00:07:31.000 | Lisa Crowfoot: For the purpose of this talk today, I want to talk about how Claude is using memory in Pokemon.
00:07:38.000 | Lisa Crowfoot: So if you think back to your Game Boy days, the game of Pokemon is really you go around and catch Pokemon, and then you train them up so that they can win battles.
00:07:48.000 | Lisa Crowfoot: And this concept of training is really core to the game.
00:07:51.000 | Lisa Crowfoot: You need to teach your Pokemon how to win battles, and that takes time where you go around and have the Pokemon battle other Pokemon to level up.
00:07:59.000 | Lisa Crowfoot: Prior Claude models would recognize this and decide that they had to go train their Pokemon, but would quickly lose track of their plan.

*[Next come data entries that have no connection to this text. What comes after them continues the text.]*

lemma sph_integral_norm_square_eq_0:
  assumes u: "continuous_on angles u" and zero: "sph_integral (\<lambda>z. cnj (u z) * u z) = 0"
    and z: "z \<in> angles"
  shows "u z = 0"
proof -
  define v where "v z = sin (fst z) * (norm (u z))\<^sup>2" for z
  have v: "continuous_on (cbox (0, 0) (pi, 2 * pi)) v"
    using u unfolding v_def angles_def by (intro continuous_intros)
  have in_box: "0 < fst x \<and> fst x < pi" if "x \<in> box (0, 0) (pi, 2 * pi)" for x :: "real \<times> real"
    using that by (cases x) (auto simp: mem_box Basis_prod_def inner_prod_def)
  have box: "box (0, 0) (pi, 2 * pi) \<noteq> {}"
    using pi_gt3 by (auto simp: box_ne_empty Basis_prod_def inner_prod_def)
  have "cnj (u z) * u z = of_real ((norm (u z))\<^sup>2)" for z
    by (subst complex_norm_square) (rule mult.commute)
  then have "complex_of_real (integral angles v) = sph_integral (\<lambda>z. cnj (u z) * u z)"
    using integral_linear[OF integrable_continuous[OF v] bounded_linear_of_real[where 'a = complex]]
    by (simp add: sph_integral_def v_def angles_def o_def)
  then have hv: "(v has_integral 0) (cbox (0, 0) (pi, 2 * pi))"
    using integrable_integral[OF integrable_continuous[OF v]] zero by (simp add: angles_def)
  have v0: "v x = 0" if "x \<in> cbox (0, 0) (pi, 2 * pi)" for x
  proof (rule has_integral_0_cbox_imp_0[OF v _ hv box that])
    fix y assume "y \<in> box (0, 0) (pi, 2 * pi)"
    then show "0 \<le> v y"
      using in_box[of y] by (simp add: v_def sin_ge_zero)
  qed
  have "u x = 0" if "x \<in> box (0, 0) (pi, 2 * pi)" for x
  proof -
    have "sin (fst x) > 0"
      using in_box[OF that] by (intro sin_gt_zero) auto
    moreover have "v x = 0"
      using v0 that box_subset_cbox by blast
    ultimately show ?thesis
      by (simp add: v_def)
  qed
  moreover have "closure (box (0, 0) (pi, 2 * pi)) = angles"
    using box by (simp add: closure_box angles_def)
  ultimately show ?thesis
    using continuous_constant_on_closure[of "box (0, 0) (pi, 2 * pi)" u 0 z] u z by simp
qed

00:08:07.000 | Lisa Crowfoot: And start doing something else before their Pokemon were able to level up.
00:08:14.000 | Lisa Crowfoot: Opus 4, on the other hand, is meticulously tracking its Pokemon's training progress.
00:08:20.000 | Lisa Crowfoot: So here in its memory file, it keeps track of the fact that it has played 64 battles.

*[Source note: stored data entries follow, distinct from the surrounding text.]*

(* For every $d\ge 2$, $$\mathsf{SR}+\mathsf{AxThExp}\not\models\neg\exists\mathsf{FTLBody}\quad\text{and}\quad\mathsf{SR}+\mathsf{AxThExp}\not\models\exists\mathsf{FTLBody};$$ that is, both $\mathsf{SR}+\mathsf{AxThExp}+\exists\mathsf{FTLBody}$ and $\mathsf{SR}+\mathsf{AxThExp}+\neg\exists\mathsf{FTLBody}$ have models (indeed with quantity part the ordered field of real numbers).
   Context: Language: two-sorted first-order language with sorts $B$ (bodies), $Q$ (quantities), unary $\mathsf{IOb}$ on $B$, binary $\mathsf{Ph}$ on $B$, operations $+,\cdot$ and relation $\le$ on $Q$, and $(d+2)$-ary $\mathsf{W}$ (first two arguments of sort $B$, rest of sort $Q$). $\Sigma\models\varphi$ means $\varphi$ holds in every model of $\Sigma$. $\mathsf{time}(\bar x,\bar y)=x_1-y_1$, $\mathsf{space}^2(\bar x,\bar y)=\sum_{i=2}^d(x_i-y_i)^2$. Write $\mathsf{ev}_m(\bar x)=\mathsf{ev}_k(\bar y)$ for $\forall b[\mathsf{W}(m,b,\bar x)\leftrightarrow\mathsf{W}(k,b,\bar y)]$. $\mathsf{SR}=\mathsf{SPR}^++\mathsf{AxLight}+\mathsf{AxOField}+\mathsf{AxEv}+\mathsf{AxSelf}+\mathsf{AxSymD}$, where: $\mathsf{SPR}^+$: for every formula $\varphi(h,\bar x)$ with at most one free variable $h$ of sort $B$, $\forall m k\bar x[\mathsf{IOb}(m)\land\mathsf{IOb}(k)\to(\varphi(m,\bar x)\leftrightarrow\varphi(k,\bar x))]$. $\mathsf{AxLight}$: $\exists m\,c\,[\mathsf{IOb}(m)\land c>0\land\forall\bar x\bar y\,(\exists p b[\mathsf{Ph}(p,b)\land\mathsf{W}(m,p,\bar x)\land\mathsf{W}(m,p,\bar y)]\leftrightarrow \mathsf{space}^2(\bar x,\bar y)=c^2\mathsf{time}(\bar x,\bar y)^2)]$. $\mathsf{AxOField}$: $\langle Q,+,\cdot,\le\rangle$ is an ordered field. $\mathsf{AxEv}$: $\mathsf{IOb}(m)\land\mathsf{IOb}(k)\to\exists\bar y\,\mathsf{ev}_m(\bar x)=\mathsf{ev}_k(\bar y)$. $\mathsf{AxSelf}$: $\mathsf{IOb}(m)\to\forall\bar x[\mathsf{W}(m,m,\bar x)\leftrightarrow x_2=\dots=x_d=0]$. $\mathsf{AxSymD}$: (i) if $\mathsf{IOb}(m),\mathsf{IOb}(k)$, $x_1=y_1$, $x'_1=y'_1$, $\mathsf{ev}_m(\bar x)=\mathsf{ev}_k(\bar x')$ and $\mathsf{ev}_m(\bar y)=\mathsf{ev}_k(\bar y')$, then $\mathsf{space}^2(\bar x,\bar y)=\mathsf{space}^2(\bar x',\bar y')$; (ii) $\mathsf{IOb}(m)\to\exists pb[\mathsf{Ph}(p,b)\land\mathsf{W}(m,p,0,\dots,0)\land\mathsf{W}(m,p,1,1,0,\dots,0)]$. Speed of light: $\mathsf{c}(m,v)$ is defined by $v>0\land\forall\bar x\bar y(\exists pb[\mathsf{Ph}(p,b)\land\mathsf{W}(m,p,\bar x)\land\mathsf{W}(m,p,\bar y)]\to\mathsf{space}^2(\bar x,\bar y)=v^2\mathsf{time}(\bar x,\bar y)^2)$; in models of $\mathsf{SR}$ it has a unique witness $\mathsf{c}_m$ for each inertial $m$. $\mathsf{AxThExp}$: $\exists h\,\mathsf{IOb}(h)\land\forall m\bar x\bar y\,(\mathsf{IOb}(m)\land\mathsf{space}^2(\bar x,\bar y)<\mathsf{c}_m^2\mathsf{time}(\bar x,\bar y)^2\to\exists k[\mathsf{IOb}(k)\land\mathsf{W}(m,k,\bar x)\land\mathsf{W}(m,k,\bar y)])$. $\exists\mathsf{FTLBody}$: $\exists m\,b\,\bar x\,\bar y\,[\mathsf{IOb}(m)\land\mathsf{W}(m,b,\bar x)\land\mathsf{W}(m,b,\bar y)\land\mathsf{space}^2(\bar x,\bar y)>\mathsf{c}_m^2\mathsf{time}(\bar x,\bar y)^2]$. *)

theory Defs
  imports Main Complex_Main
begin

text \<open>
  Models of the two-sorted language: the quantity sort is the ordered field of
  real numbers (standard +, *, \<le>), so AxOField holds automatically.  A structure is given by
    IOb :: 'b \<Rightarrow> bool,  Ph :: 'b \<Rightarrow> 'b \<Rightarrow> bool,  W :: 'b \<Rightarrow> 'b \<Rightarrow> real list \<Rightarrow> bool,
  where the last argument of W is the d-tuple of coordinates (a list of length d;
  index 0 is time, indices 1..d-1 are space).  Only length-d lists are ever used.
\<close>

section \<open>Syntax and semantics of first-order formulas (needed for the SPR+ schema)\<close>

datatype qterm = QVar nat | QAdd qterm qterm | QMul qterm qterm

datatype form =
    FIOb nat
  | FPh nat nat
  | FW nat nat "qterm list"
  | FLe qterm qterm
  | FEqQ qterm qterm
  | FEqB nat nat
  | FNot form
  | FAnd form form
  | FExB nat form
  | FExQ nat form

fun qeval :: "(nat \<Rightarrow> real) \<Rightarrow> qterm \<Rightarrow> real" where
  "qeval eQ (QVar n) = eQ n"
| "qeval eQ (QAdd s t) = qeval eQ s + qeval eQ t"
| "qeval eQ (QMul s t) = qeval eQ s * qeval eQ t"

00:08:28.000 | Lisa Crowfoot: And to put that into context, 64 battles would take Claude about 12 hours of continuous gameplay.
00:08:35.000 | Lisa Crowfoot: Claude Opus remains focused on its training goals, logging Pokemon level improvements in this file.
00:08:42.000 | Lisa Crowfoot: So memory is a new model capability we're excited about because of how it will unlock longer arc agentic trajectories.
00:08:50.000 | Lisa Crowfoot: A third improvement I want to highlight is improvements in complex instruction following.
00:08:57.000 | Lisa Crowfoot: This one is near and dear to me because I've spent many hours working on Claude's system prompt.
00:09:06.000 | Lisa Crowfoot: And we're finding that as agent systems become more complex, the system prompts and sets of instructions that govern Claude's behavior are getting longer.
00:09:15.000 | Lisa Crowfoot: So for example, our own Claude AI system prompt is about 16,000 tokens right now.
00:09:22.000 | Lisa Crowfoot: So that's 16,000 tokens of instructions that Claude needs to be able to follow.
00:09:25.000 | Lisa Crowfoot: For Claude to work in these systems, it's important that its behaviors are steerable by you, the developer.
00:09:30.000 | Lisa Crowfoot: So you're each building different applications that may have different requirements and principles that govern Claude's behavior.
00:09:39.000 | Lisa Crowfoot: We've trained Claude for models specifically to be able to follow instructions within long and complex system prompts longer than 10,000 tokens, for example.
00:09:49.000 | Lisa Crowfoot: It's easier to steer Claude when to use tools and when not to use tools, and in our own system prompt, this improved instruction following has actually allowed us to reduce the size of the prompt by 70%.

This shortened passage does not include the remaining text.